While in USA, after a lot of research, we had found out one shop that claimed to carry fountain pens in Ulanbaatar. You can guess the rest…
We are proud owners of two identical fountain pens from Mongolia!!
Disclaimer: While the pens were bought from Mongolia to add to our libraries, they are not actually made in Mongolia. Nobody makes fountain pens in Mongolia. These are of Turkish origin. So, our bragging rights is “we got them from Mongolia” 🙂
One of the rules Roger had laid down when I was looking for tickets to Mongolia was that for all the down to earth living we were going to have in Mongolia, we have to travel business class to and from there.
This is also Roger’s first international trip in business class. It is fair to say he is suitably impressed. Some of his observations enroute are hilarious..
Sitting next to me on our flight from Istanbul and Bishkek, he looked up to me in between chomping down his smoked salmon and red wine and gave his verdict:
“I think Business Class means never having to worry about starving”!!
To get the context of this post, I have to assume you have read a previous post titled “And he thought he can one up on me” from May 30th.
We were sitting by the Bayanzag cliffs. We had already downed a couple of glasses of wine. So, I may or may not have been talking too much…
Roger, took one long sip from his glass and yelled “WHO-TO”. For a second, I was wondering “what the heck? Is he trying to experiment with echoes in the cliff?”
Then I realized the faux pas he had made with “To Who” before trying to understand how to say “shut up”. (And this is where the context of the previous event helps).
In a few seconds, both Sara and I realized what was going on…
After I had picked myself up from the ground, I asked – “Did you mean, To Who?”.
Anguished by his self inflicted defeat one more time, Roger sheepishly asked “I can’t even recall my mistakes correctly, can I?”
No. You can’t, Roger Whitney.
And that is a good thing about you!!! 🙂
(This lake has over 1000 islands but no outflow)
I think we are going the wrong way here… First we had printed boarding cards. Then, at Dalanzadgad we went to hand written boarding cards. Now, at Bishkek, we have absolutely blank boarding cards. It is not even an unfilled card. It is a completely blank card with the name of the airport.

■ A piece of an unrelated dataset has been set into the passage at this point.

(* Let $(\gamma_j)_{j\ge 1}$ be a sequence of reals with $1\ge\gamma_1\ge\gamma_2\ge\cdots\ge 0$, and consider the associated product weights $\gamma_{\mathfrak u}=\prod_{j\in\mathfrak u}\gamma_j$. Then: (1) The centered regular grid with different mesh-sizes achieves weak tractability (WT) for the $\boldsymbol\gamma$-weighted star discrepancy if and only if $\lim_{j\to\infty} j\gamma_j=0$. (2) The centered regular grid with different mesh-sizes achieves uniform weak tractability (UWT) for the $\boldsymbol\gamma$-weighted star discrepancy if and only if $\lim_{j\to\infty} j^n\gamma_j=0$ for all $n\in\mathbb N$.
   Context: For $d\in\mathbb N$ write $[d]=\{1,\dots,d\}$. For mesh-sizes $m_1,\dots,m_d\in\mathbb N$, the centered regular grid is $\Gamma_{m_1,\dots,m_d}=\{(\frac{2\ell_1+1}{2m_1},\dots,\frac{2\ell_d+1}{2m_d}) : \ell_j\in\{0,1,\dots,m_j-1\}\text{ for } j=1,\dots,d\}$, an $N$-point set with $N=m_1\cdots m_d$. For an $N$-point set $\mathcal P_d\subset[0,1)^d$ with real coefficients $\mathcal A(\mathcal P_d)=\{a_{\boldsymbol x}:\boldsymbol x\in\mathcal P_d\}$, the local discrepancy is $\Delta_{\mathcal P_d,\mathcal A(\mathcal P_d)}(\boldsymbol\alpha)=\sum_{\boldsymbol x\in\mathcal P_d}a_{\boldsymbol x}\mathbf 1_{[\boldsymbol 0,\boldsymbol\alpha)}(\boldsymbol x)-\prod_{j=1}^d\alpha_j$ for $\boldsymbol\alpha=(\alpha_1,\dots,\alpha_d)\in[0,1]^d$, where $[\boldsymbol 0,\boldsymbol\alpha)=[0,\alpha_1)\times\cdots\times[0,\alpha_d)$. Given weights $\gamma_{\mathfrak u}\in[0,1]$ for $\emptyset\ne\mathfrak u\subseteq[d]$, the $\boldsymbol\gamma$-weighted star discrepancy is $D^*_{N,\boldsymbol\gamma}(\mathcal P_d,\mathcal A(\mathcal P_d))=\sup_{\boldsymbol\alpha\in[0,1]^d}\max_{\emptyset\ne\mathfrak u\subseteq[d]}\gamma_{\mathfrak u}|\Delta_{\mathcal P_d,\mathcal A(\mathcal P_d)}((\boldsymbol\alpha_{\mathfrak u},\boldsymbol 1))|$, where $(\boldsymbol\alpha_{\mathfrak u},\boldsymbol 1)=(y_1,\dots,y_d)$ with $y_j=\alpha_j$ for $j\in\mathfrak u$ and $y_j=1$ otherwise. For $\varepsilon\in(0,1)$ and $d\in\mathbb N$ define $N_{\boldsymbol\gamma}(\varepsilon,d)=\min\{N\in\mathbb N: N=m_1\cdots m_d \text{ for some } m_1,\dots,m_d\in\mathbb N \text{ and there exist coefficients } \mathcal A(\Gamma_{m_1,\dots,m_d}) \text{ with } D^*_{N,\boldsymbol\gamma}(\Gamma_{m_1,\dots,m_d},\mathcal A(\Gamma_{m_1,\dots,m_d}))\le\varepsilon\}$. The centered regular grid with different mesh-sizes achieves WT if $\lim_{\varepsilon^{-1}+d\to\infty}\frac{\log N_{\boldsymbol\gamma}(\varepsilon,d)}{\varepsilon^{-1}+d}=0$, and UWT if $\lim_{\varepsilon^{-1}+d\to\infty}\frac{\log N_{\boldsymbol\gamma}(\varepsilon,d)}{\varepsilon^{-t_1}+d^{t_2}}=0$ for all $t_1,t_2\in(0,1]$. *)

theory Defs
  imports Complex_Main
begin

Pretty strange experience. At Bishkek, transit passengers like us are given a blank card and we have to show that to get back on our plane. Funny part is that at the gate, they take the card and check our passport. Not sure what they were matching our names in the passport to!!!
You see those mean looking clouds? They were the reason why we got delayed by over 13 hours!!!
As you travel through Mongolia, you are bound to see a lot of Ovoos. These are basically some hap hazard piles of stones with some colorful pieces of cloth often attached to them. This particular one that we saw had a lot of cattle skulls lined up on one side.
I understand these are sacred to Mongolians and are pretty common in China too. In Mongolia you will often find them on top of hills, in the middle of desert and pretty much anywhere. Some are small and humble and some are big and elaborate.
Active ceremonies would include spreading rice or milk etc around these Ovoos.
Never knew of them. Learnt another new thing.
As you drive thru the vast lands of Mongolia, you are bound to be struck by an oddity – and that is how their electricity distribution poles look. Without exception, they have a concrete lower portion and then a longer wooden portion that seems to be held together by some ropes or something. For the life of me, I have not been able to understand why. Nobody seems to know why.
On the internet, there are some theories that this is driven by the fact that the frozen ground (during extreme cold weathers) can crack the wood. Which raises the question – why not make the whole thing with concrete then?